§ Problem requirements: Once you reach the line holding "using lift_shift[of 0]", write out that line and every later one exactly, ending with the last line of the data; write nothing else.
BEGIN Information provided
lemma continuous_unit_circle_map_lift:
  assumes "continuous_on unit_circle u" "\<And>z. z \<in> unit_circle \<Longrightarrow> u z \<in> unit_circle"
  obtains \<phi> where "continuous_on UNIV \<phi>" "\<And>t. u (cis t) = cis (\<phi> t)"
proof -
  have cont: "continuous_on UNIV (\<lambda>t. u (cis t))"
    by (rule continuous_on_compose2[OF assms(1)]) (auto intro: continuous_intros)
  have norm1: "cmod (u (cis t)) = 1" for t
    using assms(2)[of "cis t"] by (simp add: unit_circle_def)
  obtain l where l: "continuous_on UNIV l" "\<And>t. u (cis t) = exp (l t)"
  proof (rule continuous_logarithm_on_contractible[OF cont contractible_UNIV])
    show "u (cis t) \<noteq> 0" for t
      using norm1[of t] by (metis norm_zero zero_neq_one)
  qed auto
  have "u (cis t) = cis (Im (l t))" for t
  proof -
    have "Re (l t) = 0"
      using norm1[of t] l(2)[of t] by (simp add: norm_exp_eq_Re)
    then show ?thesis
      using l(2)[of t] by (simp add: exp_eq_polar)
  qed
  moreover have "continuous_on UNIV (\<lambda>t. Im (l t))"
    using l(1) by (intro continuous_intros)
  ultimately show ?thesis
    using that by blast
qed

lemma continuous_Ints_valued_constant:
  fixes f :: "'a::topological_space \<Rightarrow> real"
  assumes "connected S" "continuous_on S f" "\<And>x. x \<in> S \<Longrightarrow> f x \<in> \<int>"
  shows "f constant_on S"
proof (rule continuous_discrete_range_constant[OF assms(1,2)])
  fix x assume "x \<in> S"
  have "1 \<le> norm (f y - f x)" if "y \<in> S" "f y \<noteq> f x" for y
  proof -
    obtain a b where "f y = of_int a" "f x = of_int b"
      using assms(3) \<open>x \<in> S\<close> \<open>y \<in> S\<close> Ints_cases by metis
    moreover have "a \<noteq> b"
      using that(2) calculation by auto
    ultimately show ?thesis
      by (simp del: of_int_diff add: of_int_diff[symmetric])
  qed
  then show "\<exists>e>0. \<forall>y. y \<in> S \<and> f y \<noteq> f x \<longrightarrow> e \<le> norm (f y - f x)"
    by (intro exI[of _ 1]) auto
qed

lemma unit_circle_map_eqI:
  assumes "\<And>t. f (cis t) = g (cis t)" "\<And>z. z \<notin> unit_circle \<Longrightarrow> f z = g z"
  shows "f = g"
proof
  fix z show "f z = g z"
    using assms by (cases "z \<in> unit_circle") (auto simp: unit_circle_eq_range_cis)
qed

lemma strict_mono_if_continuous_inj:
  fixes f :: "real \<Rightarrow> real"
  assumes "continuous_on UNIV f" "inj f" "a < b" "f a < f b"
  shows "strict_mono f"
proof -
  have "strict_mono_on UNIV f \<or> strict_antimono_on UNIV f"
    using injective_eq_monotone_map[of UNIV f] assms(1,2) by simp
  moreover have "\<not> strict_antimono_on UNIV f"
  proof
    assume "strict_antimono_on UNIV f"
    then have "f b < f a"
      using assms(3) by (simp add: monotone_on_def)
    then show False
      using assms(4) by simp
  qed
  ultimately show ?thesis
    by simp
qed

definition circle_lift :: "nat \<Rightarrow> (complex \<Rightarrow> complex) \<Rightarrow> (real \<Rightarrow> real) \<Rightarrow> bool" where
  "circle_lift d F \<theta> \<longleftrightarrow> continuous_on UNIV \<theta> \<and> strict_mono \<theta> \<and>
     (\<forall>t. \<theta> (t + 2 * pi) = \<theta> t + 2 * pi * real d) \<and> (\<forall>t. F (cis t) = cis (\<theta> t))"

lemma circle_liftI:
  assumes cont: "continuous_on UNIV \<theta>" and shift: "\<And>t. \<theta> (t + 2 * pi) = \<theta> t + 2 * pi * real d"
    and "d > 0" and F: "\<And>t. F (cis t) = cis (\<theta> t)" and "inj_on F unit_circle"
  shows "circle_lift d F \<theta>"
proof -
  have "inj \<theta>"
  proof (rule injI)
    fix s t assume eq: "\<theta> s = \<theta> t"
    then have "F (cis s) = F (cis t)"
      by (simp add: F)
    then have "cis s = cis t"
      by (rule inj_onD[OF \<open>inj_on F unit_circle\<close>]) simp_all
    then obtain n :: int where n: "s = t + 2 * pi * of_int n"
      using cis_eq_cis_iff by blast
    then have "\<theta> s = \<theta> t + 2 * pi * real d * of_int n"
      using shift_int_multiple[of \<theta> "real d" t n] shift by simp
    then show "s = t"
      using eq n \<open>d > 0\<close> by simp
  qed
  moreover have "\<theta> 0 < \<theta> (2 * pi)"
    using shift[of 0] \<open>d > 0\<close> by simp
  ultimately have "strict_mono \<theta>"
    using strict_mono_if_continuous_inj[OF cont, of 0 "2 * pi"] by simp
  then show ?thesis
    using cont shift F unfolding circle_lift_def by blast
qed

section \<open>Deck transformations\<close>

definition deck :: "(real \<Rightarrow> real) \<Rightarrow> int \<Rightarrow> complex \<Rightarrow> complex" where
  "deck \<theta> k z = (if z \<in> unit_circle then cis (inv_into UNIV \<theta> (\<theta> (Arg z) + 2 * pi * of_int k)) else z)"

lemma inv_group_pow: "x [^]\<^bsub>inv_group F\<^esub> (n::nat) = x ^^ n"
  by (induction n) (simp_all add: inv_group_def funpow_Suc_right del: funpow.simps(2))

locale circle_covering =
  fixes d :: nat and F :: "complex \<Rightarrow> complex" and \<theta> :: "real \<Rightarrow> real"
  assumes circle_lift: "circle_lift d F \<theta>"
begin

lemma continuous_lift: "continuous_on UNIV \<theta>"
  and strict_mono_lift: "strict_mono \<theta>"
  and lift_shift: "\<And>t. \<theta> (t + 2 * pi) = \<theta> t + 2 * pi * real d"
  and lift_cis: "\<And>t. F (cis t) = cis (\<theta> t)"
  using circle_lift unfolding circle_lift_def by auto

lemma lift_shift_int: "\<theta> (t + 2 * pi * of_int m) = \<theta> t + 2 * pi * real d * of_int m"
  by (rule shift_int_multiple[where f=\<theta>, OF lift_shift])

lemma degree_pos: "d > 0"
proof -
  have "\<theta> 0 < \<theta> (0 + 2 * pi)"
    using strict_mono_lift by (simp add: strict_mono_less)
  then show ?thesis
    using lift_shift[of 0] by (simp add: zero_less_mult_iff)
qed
END Information provided
§ Task result:
    using lift_shift[of 0] by (simp add: zero_less_mult_iff)
qed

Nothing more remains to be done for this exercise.